-- Opening Marker --

definition group_type :: "'g groupoid \<Rightarrow> ('g \<Rightarrow> 'r::comm_ring_1) \<Rightarrow> 'g set \<Rightarrow> bool" where
  "group_type G one K \<longleftrightarrow>
     (\<forall>z\<in>objs G K. let C = component_objs G K z in
        \<exists>x\<in>C. \<exists>\<tau>. \<tau> x = x \<and> (\<forall>y\<in>C. \<tau> y \<in> hom G K x y
             \<and> Sid (one (ginv G (\<tau> y))) = Sid (one x) \<and> Sid (one (\<tau> y)) = Sid (one y)))"

definition wSub :: "'g groupoid \<Rightarrow> ('g \<Rightarrow> 'r::comm_ring_1) \<Rightarrow> 'g set set" where
  "wSub G one = {H. subgroupoid G H \<and> wide G H \<and> group_type G one H}"

definition fixed :: "'g groupoid \<Rightarrow> ('g \<Rightarrow> 'r::comm_ring_1) \<Rightarrow> ('g \<Rightarrow> 'r \<Rightarrow> 'r)
     \<Rightarrow> 'g set \<Rightarrow> 'r set \<Rightarrow> 'r set" where
  "fixed G one \<alpha> K A = {a\<in>A. \<forall>k\<in>K. \<alpha> k (a * one (ginv G k)) = a * one k}"

text \<open>\<open>\<G>_T\<close>, and \<open>\<G>(y)_B\<close> (the latter is \<open>stab G one \<alpha> (hom G (Mor G) y y) B\<close>).\<close>
definition stab :: "'g groupoid \<Rightarrow> ('g \<Rightarrow> 'r::comm_ring_1) \<Rightarrow> ('g \<Rightarrow> 'r \<Rightarrow> 'r)
     \<Rightarrow> 'g set \<Rightarrow> 'r set \<Rightarrow> 'g set" where
  "stab G one \<alpha> K T = {g\<in>K. \<forall>t\<in>T. \<alpha> g (t * one (ginv G g)) = t * one g}"

definition restrict_obj :: "('g \<Rightarrow> 'r::comm_ring_1) \<Rightarrow> 'r set \<Rightarrow> 'g \<Rightarrow> 'r set" where
  "restrict_obj one T y = (\<lambda>t. t * one y) ` T"

definition nz_idem :: "'r::comm_ring_1 \<Rightarrow> bool" where
  "nz_idem e \<longleftrightarrow> e * e = e \<and> e \<noteq> 0"

definition strong_at :: "'g groupoid \<Rightarrow> ('g \<Rightarrow> 'r::comm_ring_1) \<Rightarrow> ('g \<Rightarrow> 'r \<Rightarrow> 'r)
     \<Rightarrow> 'r set \<Rightarrow> 'g \<Rightarrow> 'g \<Rightarrow> bool" where
  "strong_at G one \<alpha> B y z \<longleftrightarrow>
     (\<forall>g\<in>hom G (Mor G) y z. \<forall>h\<in>hom G (Mor G) y z.
        cmp G (ginv G g) h \<notin> stab G one \<alpha> (hom G (Mor G) y y) B \<longrightarrow>
        (\<forall>e. nz_idem e \<and> e \<in> Sid (one g) \<union> Sid (one h) \<longrightarrow>
           (\<exists>b\<in>B. \<alpha> g (b * one (ginv G g)) * e \<noteq> \<alpha> h (b * one (ginv G h)) * e)))"

definition alpha_strong :: "'g groupoid \<Rightarrow> ('g \<Rightarrow> 'r::comm_ring_1) \<Rightarrow> ('g \<Rightarrow> 'r \<Rightarrow> 'r)
     \<Rightarrow> 'r set \<Rightarrow> bool" where
  "alpha_strong G one \<alpha> T \<longleftrightarrow>
     (\<forall>y\<in>objs G (Mor G). \<forall>z\<in>objs G (Mor G). strong_at G one \<alpha> (restrict_obj one T y) y z)"

end

(*
  Write \<beta>_g(t) = \<alpha>_g(t 1_{g^-1}); all conditions of the theorem are statements about the
  ring homomorphisms \<beta>_g : S \<rightarrow> S_g. Call g global if S_g = S_{t(g)} and S_{g^-1} = S_{s(g)}.
  By the group-type hypotheses, two objects joined by a morphism of H (of G) are joined by a
  global morphism of H (of G), and composition with a global morphism is total:
  \<beta>_{lm} = \<beta>_l \<beta>_m as soon as l or m is global.

  For a global morphism k of H, \<beta>_{hk} and \<beta>_h agree on T and 1_{hk} = 1_h, and lk lies in
  G_T iff l does. Hence separating g from h by elements of T is unaffected by composing with
  global morphisms of H on the right, or (moving the idempotent along \<beta>_m) with global
  morphisms m of G on the left. This reduces (ii) to pairs with a common source, that is to
  (i), once pairs whose sources lie in different components of H are separated by the sum of
  the 1_v over a component, which lies in T; and it reduces (i) to the loops at the chosen
  objects y_j. Finally T_{y_j} = S_{y_j}^{\<alpha>_{H_j(y_j)}}: an element fixed by the isotropy of H at
  y_j extends to an element of T by transporting it along global morphisms y_j \<rightarrow> v of H to
  all objects v of the component.
*)

theory Submission
  imports Defs
begin

lemma mem_hom [simp]: "g \<in> hom G K x y \<longleftrightarrow> g \<in> K \<and> src G g = x \<and> tgt G g = y"
  unfolding hom_def by simp

lemma hom_eq_empty_iff [simp]: "hom G K x y = {} \<longleftrightarrow> (\<forall>g\<in>K. src G g = x \<longrightarrow> tgt G g \<noteq> y)"
  unfolding hom_def by blast

lemma subgroupoidD:
  assumes "subgroupoid G K"
  shows "K \<subseteq> Mor G"
    and "h \<in> K \<Longrightarrow> src G h \<in> K" "h \<in> K \<Longrightarrow> tgt G h \<in> K" "h \<in> K \<Longrightarrow> ginv G h \<in> K"
    and "h \<in> K \<Longrightarrow> k \<in> K \<Longrightarrow> src G h = tgt G k \<Longrightarrow> cmp G h k \<in> K"
  using assms unfolding subgroupoid_def by blast+

locale groupoid =
  fixes G :: "'g groupoid"
  assumes is_groupoid: "is_groupoid G"
begin

abbreviation Ob :: "'g set" where "Ob \<equiv> objs G (Mor G)"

-- Closing Marker --

**Task statement**
Reply by returning the full set of records above exactly.

**Reply**
definition group_type :: "'g groupoid \<Rightarrow> ('g \<Rightarrow> 'r::comm_ring_1) \<Rightarrow> 'g set \<Rightarrow> bool" where
  "group_type G one K \<longleftrightarrow>
     (\<forall>z\<in>objs G K. let C = component_objs G K z in
        \<exists>x\<in>C. \<exists>\<tau>. \<tau> x = x \<and> (\<forall>y\<in>C. \<tau> y \<in> hom G K x y
             \<and> Sid (one (ginv G (\<tau> y))) = Sid (one x) \<and> Sid (one (\<tau> y)) = Sid (one y)))"

definition wSub :: "'g groupoid \<Rightarrow> ('g \<Rightarrow> 'r::comm_ring_1) \<Rightarrow> 'g set set" where
  "wSub G one = {H. subgroupoid G H \<and> wide G H \<and> group_type G one H}"

definition fixed :: "'g groupoid \<Rightarrow> ('g \<Rightarrow> 'r::comm_ring_1) \<Rightarrow> ('g \<Rightarrow> 'r \<Rightarrow> 'r)
     \<Rightarrow> 'g set \<Rightarrow> 'r set \<Rightarrow> 'r set" where
  "fixed G one \<alpha> K A = {a\<in>A. \<forall>k\<in>K. \<alpha> k (a * one (ginv G k)) = a * one k}"

text \<open>\<open>\<G>_T\<close>, and \<open>\<G>(y)_B\<close> (the latter is \<open>stab G one \<alpha> (hom G (Mor G) y y) B\<close>).\<close>
definition stab :: "'g groupoid \<Rightarrow> ('g \<Rightarrow> 'r::comm_ring_1) \<Rightarrow> ('g \<Rightarrow> 'r \<Rightarrow> 'r)
     \<Rightarrow> 'g set \<Rightarrow> 'r set \<Rightarrow> 'g set" where
  "stab G one \<alpha> K T = {g\<in>K. \<forall>t\<in>T. \<alpha> g (t * one (ginv G g)) = t * one g}"

definition restrict_obj :: "('g \<Rightarrow> 'r::comm_ring_1) \<Rightarrow> 'r set \<Rightarrow> 'g \<Rightarrow> 'r set" where
  "restrict_obj one T y = (\<lambda>t. t * one y) ` T"

definition nz_idem :: "'r::comm_ring_1 \<Rightarrow> bool" where
  "nz_idem e \<longleftrightarrow> e * e = e \<and> e \<noteq> 0"

definition strong_at :: "'g groupoid \<Rightarrow> ('g \<Rightarrow> 'r::comm_ring_1) \<Rightarrow> ('g \<Rightarrow> 'r \<Rightarrow> 'r)
     \<Rightarrow> 'r set \<Rightarrow> 'g \<Rightarrow> 'g \<Rightarrow> bool" where
  "strong_at G one \<alpha> B y z \<longleftrightarrow>
     (\<forall>g\<in>hom G (Mor G) y z. \<forall>h\<in>hom G (Mor G) y z.
        cmp G (ginv G g) h \<notin> stab G one \<alpha> (hom G (Mor G) y y) B \<longrightarrow>
        (\<forall>e. nz_idem e \<and> e \<in> Sid (one g) \<union> Sid (one h) \<longrightarrow>
           (\<exists>b\<in>B. \<alpha> g (b * one (ginv G g)) * e \<noteq> \<alpha> h (b * one (ginv G h)) * e)))"

definition alpha_strong :: "'g groupoid \<Rightarrow> ('g \<Rightarrow> 'r::comm_ring_1) \<Rightarrow> ('g \<Rightarrow> 'r \<Rightarrow> 'r)
     \<Rightarrow> 'r set \<Rightarrow> bool" where
  "alpha_strong G one \<alpha> T \<longleftrightarrow>
     (\<forall>y\<in>objs G (Mor G). \<forall>z\<in>objs G (Mor G). strong_at G one \<alpha> (restrict_obj one T y) y z)"

end

(*
  Write \<beta>_g(t) = \<alpha>_g(t 1_{g^-1}); all conditions of the theorem are statements about the
  ring homomorphisms \<beta>_g : S \<rightarrow> S_g. Call g global if S_g = S_{t(g)} and S_{g^-1} = S_{s(g)}.
  By the group-type hypotheses, two objects joined by a morphism of H (of G) are joined by a
  global morphism of H (of G), and composition with a global morphism is total:
  \<beta>_{lm} = \<beta>_l \<beta>_m as soon as l or m is global.

  For a global morphism k of H, \<beta>_{hk} and \<beta>_h agree on T and 1_{hk} = 1_h, and lk lies in
  G_T iff l does. Hence separating g from h by elements of T is unaffected by composing with
  global morphisms of H on the right, or (moving the idempotent along \<beta>_m) with global
  morphisms m of G on the left. This reduces (ii) to pairs with a common source, that is to
  (i), once pairs whose sources lie in different components of H are separated by the sum of
  the 1_v over a component, which lies in T; and it reduces (i) to the loops at the chosen
  objects y_j. Finally T_{y_j} = S_{y_j}^{\<alpha>_{H_j(y_j)}}: an element fixed by the isotropy of H at
  y_j extends to an element of T by transporting it along global morphisms y_j \<rightarrow> v of H to
  all objects v of the component.
*)

theory Submission
  imports Defs
begin

lemma mem_hom [simp]: "g \<in> hom G K x y \<longleftrightarrow> g \<in> K \<and> src G g = x \<and> tgt G g = y"
  unfolding hom_def by simp

lemma hom_eq_empty_iff [simp]: "hom G K x y = {} \<longleftrightarrow> (\<forall>g\<in>K. src G g = x \<longrightarrow> tgt G g \<noteq> y)"
  unfolding hom_def by blast

lemma subgroupoidD:
  assumes "subgroupoid G K"
  shows "K \<subseteq> Mor G"
    and "h \<in> K \<Longrightarrow> src G h \<in> K" "h \<in> K \<Longrightarrow> tgt G h \<in> K" "h \<in> K \<Longrightarrow> ginv G h \<in> K"
    and "h \<in> K \<Longrightarrow> k \<in> K \<Longrightarrow> src G h = tgt G k \<Longrightarrow> cmp G h k \<in> K"
  using assms unfolding subgroupoid_def by blast+

locale groupoid =
  fixes G :: "'g groupoid"
  assumes is_groupoid: "is_groupoid G"
begin

abbreviation Ob :: "'g set" where "Ob \<equiv> objs G (Mor G)"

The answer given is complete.